Over the years we’ve had to deal with problems that come from living in the country and especially in a forest. We’ve had birds, bees, and flying squirrels make their home inside the exterior walls of our house. Squirrels have gotten into our shed and devoured a season of dried black walnut and hickory nuts. We’ve found black snakes and garter snakes in our basement,  bats in our belfry, and ground hogs undermine an old barn. We have deer and rabbits that make a small garden impossible, screech owls that scare the bejesus out of you at night, and small nocturnal creatures that sound like East African elephants as they rustle through the dry leaves at night. I’ve read that we are never more than 18″ from a spider. Living in a woods that number may be closer to 8″.

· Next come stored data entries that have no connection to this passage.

lemma subspace_preimage_hom_over:
  assumes "hom_over \<iota>K \<iota>M (adjoin \<iota>K S) \<phi>" "M.vs.subspace V"
  shows "K.vs.subspace {x \<in> adjoin \<iota>K S. \<phi> x \<in> V}"
  unfolding K.vs.subspace_def
proof (intro conjI ballI allI)
  have "\<phi> 0 = 0"
    by (rule ring_hom_onD(1)[OF ring_hom_on_hom_over[OF assms(1)]])
  then show "0 \<in> {x \<in> adjoin \<iota>K S. \<phi> x \<in> V}"
    using assms(2) K.subspace_adjoin[of S] by (simp add: M.vs.subspace_0 K.vs.subspace_0)
next
  fix x y
  assume "x \<in> {x \<in> adjoin \<iota>K S. \<phi> x \<in> V}" "y \<in> {x \<in> adjoin \<iota>K S. \<phi> x \<in> V}"
  then show "x + y \<in> {x \<in> adjoin \<iota>K S. \<phi> x \<in> V}"
    using assms unfolding hom_over_def by (auto intro: adjoin_add M.vs.subspace_add)
next
  fix c x
  assume "x \<in> {x \<in> adjoin \<iota>K S. \<phi> x \<in> V}"
  then show "\<iota>K c * x \<in> {x \<in> adjoin \<iota>K S. \<phi> x \<in> V}"
    using assms adjoin_hom[of \<iota>K c S] unfolding hom_over_def
    by (auto intro: adjoin_mult M.vs.subspace_scale)
qed
(* Let $\mathcal{C}$ be a fixed finite catalogue of contents with normalized popularities $\hat\nu_c>0$, $\sum_{c\in\mathcal{C}}\hat\nu_c=1$, let $M\ge 1$ and $U\ge 1$ be integers with $M\le|\mathcal{C}|$, and let $\rho>0$ be fixed. For each subset $j\subseteq\mathcal{C}$ with $|j|=M$ put $$m_j=\frac{1}{Z}\prod_{c\in j}\hat\nu_c,\qquad Z=\sum_{j'\subseteq\mathcal{C},\,|j'|=M}\ \prod_{c\in j'}\hat\nu_c .$$ For each integer $B\ge1$ consider the loss network in which calls of type $c\in\mathcal{C}$ arrive according to independent Poisson processes of rate $\nu_c^{(B)}=\rho U\hat\nu_c B$, each accepted call stays in the system for an independent exponential time of mean $1$, and for every nonempty $\mathcal{S}\subseteq\mathcal{C}$ there is a constraint ("virtual link") of capacity $$W^{(B)}_{\mathcal{S}}=U B\sum_{j\subseteq\mathcal{C},\,|j|=M,\ j\cap\mathcal{S}\neq\emptyset} m_j ;$$ an arriving call of type $c$ is accepted if and only if, after adding it, the vector $\mathbf{n}=(n_c)_{c\in\mathcal{C}}$ of numbers of calls in progress satisfies $\sum_{c\in\mathcal{S}}n_c\le W^{(B)}_{\mathcal{S}}$ for every $\mathcal{S}\subseteq\mathcal{C}$, and is lost otherwise. Let $A^{(B)}_c$ denote the stationary probability that an arriving call of type $c$ is accepted. Then for every $c\in\mathcal{C}$, $$\lim_{B\to\infty}A^{(B)}_c=\min\{1,1/\rho\}.$$
   Context: Interpretation: $B$ boxes each cache a set of $M$ distinct contents and can serve at most $U$ concurrent unit-rate streams; $m_j$ is the fraction of boxes caching the set $j$ (the "proportional-to-product" placement). By Hall's theorem, a vector of ongoing requests $\mathbf{n}$ can be assigned to boxes holding the requested contents, respecting the upload limit $U$ per box, iff $\sum_{c\in\mathcal{S}}n_c\le U\,|\{b:\mathcal{S}\cap\mathcal{J}_b\neq\emptyset\}|$ for all $\mathcal{S}\subseteq\mathcal{C}$ ($\mathcal{J}_b$ the cache of box $b$); the capacities $W^{(B)}_{\mathcal{S}}$ are the large-$B$ values of these right-hand sides. The system load is $\rho=\sum_c\nu^{(B)}_c/(BU)$. *)

theory Defs
  imports "HOL-Analysis.Analysis"
begin

definition placement_Z :: "'a set \<Rightarrow> ('a \<Rightarrow> real) \<Rightarrow> nat \<Rightarrow> real" where
  "placement_Z C nuh M = (\<Sum>j' \<in> {j. j \<subseteq> C \<and> card j = M}. \<Prod>c\<in>j'. nuh c)"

We have friends and know others who simply could never contend with life in a jungle. We’ve also been advised we should take offensive measures to eradicate the local fauna. But, when we bought this property in 1976 and decided this was where we wanted to spend our lives we also quickly came to realize that it was us who were moving in with all the creatures, and not the reverse. We’re the new kids on the block so the onus for adjustment was our job. All these years later it’s been a pretty good arrangement.

PS: About those nearby spiders. They never get flushed or crushed. My wife affords each a gentle (wrapped in tissue), all expenses paid, trip to the great outdoors each time she sees one scurrying  across the carpet or hanging from the bedroom ceiling. After all, you never know which one knows how to spell using their web.

One thought on “They Were Here First”

  1. Surprised at the lack of comments, I thought I’d leave one:

    I remember when our family Momma cat, at a time when she currently had a litter, slapped a raccoon on the head when it came up on the porch to eat out of the food dish.

    I share this just because it was pretty funny to witness. It didn’t seem to faze the raccoon, however, who continued to eat from the food dish. But neither did it seem inclined to engage Momma cat in battle or even retaliate.